Chimayo Reflections

Chimayo in New Mexico often appears in novels by people who make the Southwest  their canvas. I have been there twice in the past year, a passenger in my son’ car on days he felt like showing Mom around the area north of Santa Fe. It is not quite so twee as the location of the famous who own houses to escape to from Los Angeles and New York. In fact, it looks pretty rough and dirty. But then so does Santa Fe at the end of summer.

 In September we did not enter the little church. We went to a small room on the side that has a packed earth floor in which a hole has been dug so that visitors can dig out a handful or more of “Holy Dirt.” 

Remembering loved ones at Chimayo.

Remembering loved ones at Chimayo.

The Catholic Santuario de Nuestro Señor de Esquipulas, or simply El Santuario de Chimayó, was built as a private chapel before 1816 so that local people could worship Jesus asEsquipulas, a black Christ named for the Guatamalan city that is a major center of Catholic pilgrimage. Preservationists bought the chapel and handed it over to the Archdiocese of Santa Fe in 1929. Believers say that the dirt can heal physical and spiritual ills.

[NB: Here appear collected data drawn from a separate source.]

(* Let $\Omega\subset\mathbb{R}^3$ be a domain on which integrations by parts produce no boundary terms (e.g. a periodic domain), let $\mu\ge 0$ be the viscosity, and let $e(\rho,s)$ be a smooth internal energy function of the mass density $\rho$ and the entropy density $s$. Consider the Lagrangian $$l(\boldsymbol{u},\rho,s,\boldsymbol{B})=\int_\Omega \frac{\rho|\boldsymbol{u}|^2}{2}-\rho\, e(\rho,s)-\frac{|\boldsymbol{B}|^2}{2}$$ and the action $S(\boldsymbol{u},\rho,s,\boldsymbol{B})=\int_0^{T_f} l(\boldsymbol{u}(t),\rho(t),s(t),\boldsymbol{B}(t))\,dt$. Call a curve $(\boldsymbol{u},\rho,s,\boldsymbol{B})$ extremal if $\delta S=0$ for all constrained variations of the following form: for every time-dependent vector field $\boldsymbol{v}$ with $\boldsymbol{v}(0)=\boldsymbol{v}(T_f)=0$, $$\delta\boldsymbol{u}=\partial_t\boldsymbol{v}+[\boldsymbol{u},\boldsymbol{v}],\qquad \delta\rho=-\nabla\cdot(\rho\boldsymbol{v}),\qquad \frac{\delta l}{\delta s}\big(\delta s+\nabla\cdot(s\boldsymbol{v})\big)=-\mu\,\nabla\boldsymbol{u}:\nabla\boldsymbol{v},\qquad \delta\boldsymbol{B}=-\nabla\times(\boldsymbol{B}\times\boldsymbol{v}),$$ where $[\boldsymbol{u},\boldsymbol{v}]=\boldsymbol{u}\cdot\nabla\boldsymbol{v}-\boldsymbol{v}\cdot\nabla\boldsymbol{u}$. Then, for curves whose density satisfies $\partial_t\rho+\nabla\cdot(\rho\boldsymbol{u})=0$, the curve is extremal if and only if it satisfies the viscous–resistive MHD momentum equation $$\rho\partial_t\boldsymbol{u}+\rho(\boldsymbol{u}\cdot\nabla\boldsymbol{u})+\nabla p+\boldsymbol{B}\times\nabla\times\boldsymbol{B}=\nabla\cdot(\mu\nabla\boldsymbol{u}),\qquad p=\rho\big(\rho\,\partial_\rho e+s\,\partial_s e\big).$$
   Context: $\frac{\delta l}{\delta s}$ denotes the $L^2$ functional derivative of $l$ with respect to $s$, namely $-\rho\,\partial_s e(\rho,s)$ (assumed nonvanishing, so that the constraint determines $\delta s$); $\nabla\boldsymbol{u}:\nabla\boldsymbol{v}$ is the Frobenius contraction. The paper supplements this principle with the equations $\partial_t\rho=-\nabla\cdot(\rho\boldsymbol{u})$, $\frac{\delta l}{\delta s}(\partial_t s+\nabla\cdot(s\boldsymbol{u}))=-\mu|\nabla\boldsymbol{u}|^2-\eta|\nabla\times\boldsymbol{B}|^2$, $\partial_t\boldsymbol{B}=-\nabla\times(\boldsymbol{B}\times\boldsymbol{u})-\nabla\times(\eta\nabla\times\boldsymbol{B})$ (with resistivity $\eta$ and temperature $T=-\frac{\delta l}{\delta s}$) to obtain the full viscous–resistive MHD system. *)

theory Defs
  imports "HOL-Analysis.Analysis" "HOL-Analysis.Cross3"
begin

(* Space: R^3 with unit-periodic fields (the 3-torus, a domain without boundary terms).
   Time-dependent fields are functions of t :: real and x :: real^3. *)

type_synonym sfield = "real \<Rightarrow> real^3 \<Rightarrow> real"
type_synonym vfield = "real \<Rightarrow> real^3 \<Rightarrow> real^3"

coinductive smooth_fn :: "('a::euclidean_space \<Rightarrow> real) \<Rightarrow> bool" where
  "\<lbrakk>\<forall>x. f differentiable (at x);
    \<forall>b\<in>Basis. smooth_fn (\<lambda>x. frechet_derivative f (at x) b)\<rbrakk> \<Longrightarrow> smooth_fn f"

definition smooth_sf :: "sfield \<Rightarrow> bool" where
  "smooth_sf f \<longleftrightarrow> smooth_fn (\<lambda>p::real \<times> (real^3). f (fst p) (snd p))"

definition smooth_vf :: "vfield \<Rightarrow> bool" where
  "smooth_vf w \<longleftrightarrow> (\<forall>i. smooth_fn (\<lambda>p::real \<times> (real^3). w (fst p) (snd p) $ i))"

definition periodic3 :: "(real^3 \<Rightarrow> 'b) \<Rightarrow> bool" where
  "periodic3 g \<longleftrightarrow> (\<forall>x j. g (x + axis j 1) = g x)"

definition pdx :: "3 \<Rightarrow> (real^3 \<Rightarrow> real) \<Rightarrow> real^3 \<Rightarrow> real" where
  "pdx j g x = deriv (\<lambda>h. g (x + h *\<^sub>R axis j 1)) 0"

definition sdt :: "sfield \<Rightarrow> sfield" where
  "sdt f t x = deriv (\<lambda>\<tau>. f \<tau> x) t"

definition vdt :: "vfield \<Rightarrow> vfield" where
  "vdt w t x = (\<chi> i. deriv (\<lambda>\<tau>. w \<tau> x $ i) t)"

definition grad :: "(real^3 \<Rightarrow> real) \<Rightarrow> real^3 \<Rightarrow> real^3" where
  "grad g x = (\<chi> j. pdx j g x)"

definition dvg :: "(real^3 \<Rightarrow> real^3) \<Rightarrow> real^3 \<Rightarrow> real" where
  "dvg w x = (\<Sum>j\<in>UNIV. pdx j (\<lambda>y. w y $ j) x)"

definition curl :: "(real^3 \<Rightarrow> real^3) \<Rightarrow> real^3 \<Rightarrow> real^3" where
  "curl w x = (\<chi> i.
     if i = 1 then pdx 2 (\<lambda>y. w y $ 3) x - pdx 3 (\<lambda>y. w y $ 2) x
     else if i = 2 then pdx 3 (\<lambda>y. w y $ 1) x - pdx 1 (\<lambda>y. w y $ 3) x
     else pdx 1 (\<lambda>y. w y $ 2) x - pdx 2 (\<lambda>y. w y $ 1) x)"

definition adv :: "(real^3 \<Rightarrow> real^3) \<Rightarrow> (real^3 \<Rightarrow> real^3) \<Rightarrow> real^3 \<Rightarrow> real^3" where
  "adv w z x = (\<chi> i. \<Sum>j\<in>UNIV. w x $ j * pdx j (\<lambda>y. z y $ i) x)"

definition lie :: "(real^3 \<Rightarrow> real^3) \<Rightarrow> (real^3 \<Rightarrow> real^3) \<Rightarrow> real^3 \<Rightarrow> real^3" where
  "lie u v x = adv u v x - adv v u x"

definition frob :: "(real^3 \<Rightarrow> real^3) \<Rightarrow> (real^3 \<Rightarrow> real^3) \<Rightarrow> real^3 \<Rightarrow> real" where
  "frob u v x = (\<Sum>i\<in>UNIV. \<Sum>j\<in>UNIV. pdx j (\<lambda>y. u y $ i) x * pdx j (\<lambda>y. v y $ i) x)"

definition visc :: "real \<Rightarrow> (real^3 \<Rightarrow> real^3) \<Rightarrow> real^3 \<Rightarrow> real^3" where
  "visc \<mu> u x = (\<chi> i. \<Sum>j\<in>UNIV. pdx j (\<lambda>y. \<mu> * pdx j (\<lambda>z. u z $ i) y) x)"

definition d_rho :: "(real \<Rightarrow> real \<Rightarrow> real) \<Rightarrow> real \<Rightarrow> real \<Rightarrow> real" where
  "d_rho e r s = deriv (\<lambda>r'. e r' s) r"

definition d_s :: "(real \<Rightarrow> real \<Rightarrow> real) \<Rightarrow> real \<Rightarrow> real \<Rightarrow> real" where
  "d_s e r s = deriv (\<lambda>s'. e r s') s"

definition cell :: "(real^3) set" where
  "cell = cbox 0 (\<chi> i. 1)"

About 300,000 people visit it yearly. This pilgrimage center was designated a National Historic Landmark in 1970.

Chimayó (chee-may-YO) is famous for two other local products, weavings by the Ortega and Trujillo , and Chimayo chile powder, which goes quickly when it becomes seasonally available. My son was lucky to get some on that trip.My highlights of that first trip involved an eight-year-old, who ran her small hand gently over a bas relief on the outer wall of one of the buildings. It depicted the Holy Family and their animals in the familiar 1930s Mexican mural style. She was even more impressed by the gallery adjacent to the dirt room, dedicated to the sick, dying and “infirm.  In this long, low-ceilinged structure are placed hundreds, perhaps thousands, of photographs of loved ones. On one wall there are hanging dozens of crutches. When we got back to her home that afternoon she set up a row of toy animals and said, “These are the infirm. I will take care of them.”

This time, in May, we walked through the sanctuary. People were there praying in the semi-darkness. The strong sweet fragrance of incense hugged us as we passed between the walls primitively painted in bold colors, and turned at the lavishly prepared altar to go into the side chapel that contains the dirt room and the gallery. But it wasn’t until we were returning to the car that I saw the wire fence decorated with crude stick crosses (above). Who left them? Children? People of various ages? It appeared to me that a whole group of people spontaneously picked up twigs and wound grasses around them, and fastened them into the ugly mesh to make a joyous panorama of hopes, dreams, thanksgiving, and perhaps even losses.